Audrey Adams,
Princeton Reimbursement Group, MN
Answer: The epidurogram should be billed using code 62278* (injection of diagnostic or therapeutic anesthetic or antispasmodic substance [including narcotics]; epidural, lumbar or caudal, single), while the associated radiological supervision and interpretation (S&I) code would be 76000 (fluoroscopy [separate procedure], up to one hour physician time, other than 71023 or 71034 [e.g., cardiac fluoroscopy]), says Kathleen Mueller, RN, CPC, CCS-P, a reimbursement specialist in the office of Allan L. Lieffer, MD, a general surgeon in Chester, IL. According to Mueller, a separate radiology report needs to be dictated by the surgeon in order to be reimbursed for the S&I. She adds that according to Medicare guidelines, the physician who guides further treatment of the patient after the procedure should be the one who bills for it.
Increasingly, patients are receiving continuous epidurals after surgery, but this particular epidural is diagnostic and therefore single, Mueller says. Precisely because it is a diagnostic test, she notes, it is reimbursable; normally, pain management procedures by the surgeon are included in the primary procedures global package.
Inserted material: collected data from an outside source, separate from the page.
lemma plus_inverse_preimage_eq:
  assumes "\<And>s. s \<in> A \<Longrightarrow> s > 2"
  shows "{w. w > 0 \<and> w + 1 / w \<in> A} = plus_inverse_root ` A \<union> (\<lambda>s. 1 / plus_inverse_root s) ` A"
proof (intro set_eqI iffI)
  fix w assume "w \<in> {w. w > 0 \<and> w + 1 / w \<in> A}"
  then show "w \<in> plus_inverse_root ` A \<union> (\<lambda>s. 1 / plus_inverse_root s) ` A"
    using plus_inverse_eq_iff[OF assms, of "w + 1 / w" w] by auto
next
  fix w assume "w \<in> plus_inverse_root ` A \<union> (\<lambda>s. 1 / plus_inverse_root s) ` A"
  moreover have "plus_inverse_root s > 0" if "s \<in> A" for s
    using plus_inverse_root(1)[OF assms[OF that]] by simp
  ultimately show "w \<in> {w. w > 0 \<and> w + 1 / w \<in> A}"
    using plus_inverse_root(2)[OF assms] by (auto simp: add.commute)
qed

lemma card_plus_inverse_preimage:
  fixes A :: "real set"
  assumes "finite A" "\<And>s. s \<in> A \<Longrightarrow> s > 2"
  shows "card {w. w > 0 \<and> w + 1 / w \<in> A} = 2 * card A"
proof -
  define \<rho> where "\<rho> = plus_inverse_root"
  have \<rho>: "\<rho> s > 1" "\<rho> s + 1 / \<rho> s = s" if "s \<in> A" for s
    using plus_inverse_root assms(2)[OF that] by (auto simp: \<rho>_def)
  have inj: "inj_on \<rho> A"
  proof (rule inj_onI)
    fix s t assume "s \<in> A" "t \<in> A" "\<rho> s = \<rho> t"
    then show "s = t"
      using \<rho>(2) by metis
  qed
  then have "inj_on (\<lambda>s. 1 / \<rho> s) A"
    by (simp add: inj_on_def)
  moreover have "\<rho> s \<noteq> 1 / \<rho> t" if "s \<in> A" "t \<in> A" for s t
    using \<rho>(1)[OF that(1)] \<rho>(1)[OF that(2)] less_1_mult[of "\<rho> s" "\<rho> t"] by (simp add: field_simps)
  then have "\<rho> ` A \<inter> (\<lambda>s. 1 / \<rho> s) ` A = {}"
    by blast
  ultimately show ?thesis
    using assms inj by (simp add: plus_inverse_preimage_eq \<rho>_def[symmetric] card_Un_disjoint card_image)
qed

lemma wp_poly_4_zeros_eq:
  assumes "a > 1"
  shows "{w \<in> {1/a<..<a}. wp_poly 4 a w = 0} = insert 1 {w. w > 0 \<and> w + 1 / w \<in> cubic_roots a}"
proof (intro set_eqI iffI)
  fix w assume w: "w \<in> {w \<in> {1/a<..<a}. wp_poly 4 a w = 0}"
  have "1 / a > 0" "1 / a < w"
    using assms w by simp_all
  then have pos: "w > 0"
    by linarith
  then have "w\<^sup>2 = 1 \<or> cubic a (w + 1 / w) = 0"
    using w wp_poly_4_eq[of w a] by auto
  then show "w \<in> insert 1 {w. w > 0 \<and> w + 1 / w \<in> cubic_roots a}"
    using pos w plus_inverse_gt_2_iff[OF pos] plus_inverse_less_iff[OF assms pos]
    by (auto simp: cubic_roots_def power2_eq_1_iff)
next
  fix w assume "w \<in> insert 1 {w. w > 0 \<and> w + 1 / w \<in> cubic_roots a}"
  then consider "w = 1" | "w > 0" "w + 1 / w \<in> cubic_roots a"
    by blast
  then show "w \<in> {w \<in> {1/a<..<a}. wp_poly 4 a w = 0}"
  proof cases
    case 1
    then show ?thesis
      using assms by (simp add: wp_poly_def)
  next
    case 2
    then show ?thesis
      using plus_inverse_less_iff[OF assms 2(1)] wp_poly_4_eq[of w a] by (simp add: cubic_roots_def)
  qed
qed

lemma card_wp_poly_4_zeros:
  assumes "a > 1"
  shows "card {w \<in> {1/a<..<a}. wp_poly 4 a w = 0} = 1 + 2 * card (cubic_roots a)"
proof -
  have gt2: "\<And>s. s \<in> cubic_roots a \<Longrightarrow> s > 2"
    by (simp add: cubic_roots_def)
  have "card {w. w > 0 \<and> w + 1 / w \<in> cubic_roots a} = 2 * card (cubic_roots a)"
    by (rule card_plus_inverse_preimage[OF finite_cubic_roots gt2])
  moreover have "finite {w. w > 0 \<and> w + 1 / w \<in> cubic_roots a}"
    using finite_cubic_roots by (simp add: plus_inverse_preimage_eq[OF gt2])
  moreover have "1 \<notin> {w. w > 0 \<and> w + 1 / w \<in> cubic_roots a}"
    using gt2 by fastforce
  ultimately show ?thesis
    unfolding wp_poly_4_zeros_eq[OF assms] by simp
qed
So if the epidurogram was performed after a surgical procedure, a -79 modifier (unrelated procedure or service by the same physician during the postoperative period) would need to be added to the 62278*, along with the associated ICD-9 code. If the procedure was performed due to a complication, modifier -78 (return to the operating room for a related procedure during the postoperative period) would be appended.
In other words, if the surgeon put the catheter in and performed a major procedure, then modifier -78 would be appropriate, as this would be considered a complication. If an anesthesiologist placed the catheter and maintained it, and a problem ensued, the surgeon would code the procedure 62278*-79, Mueller says.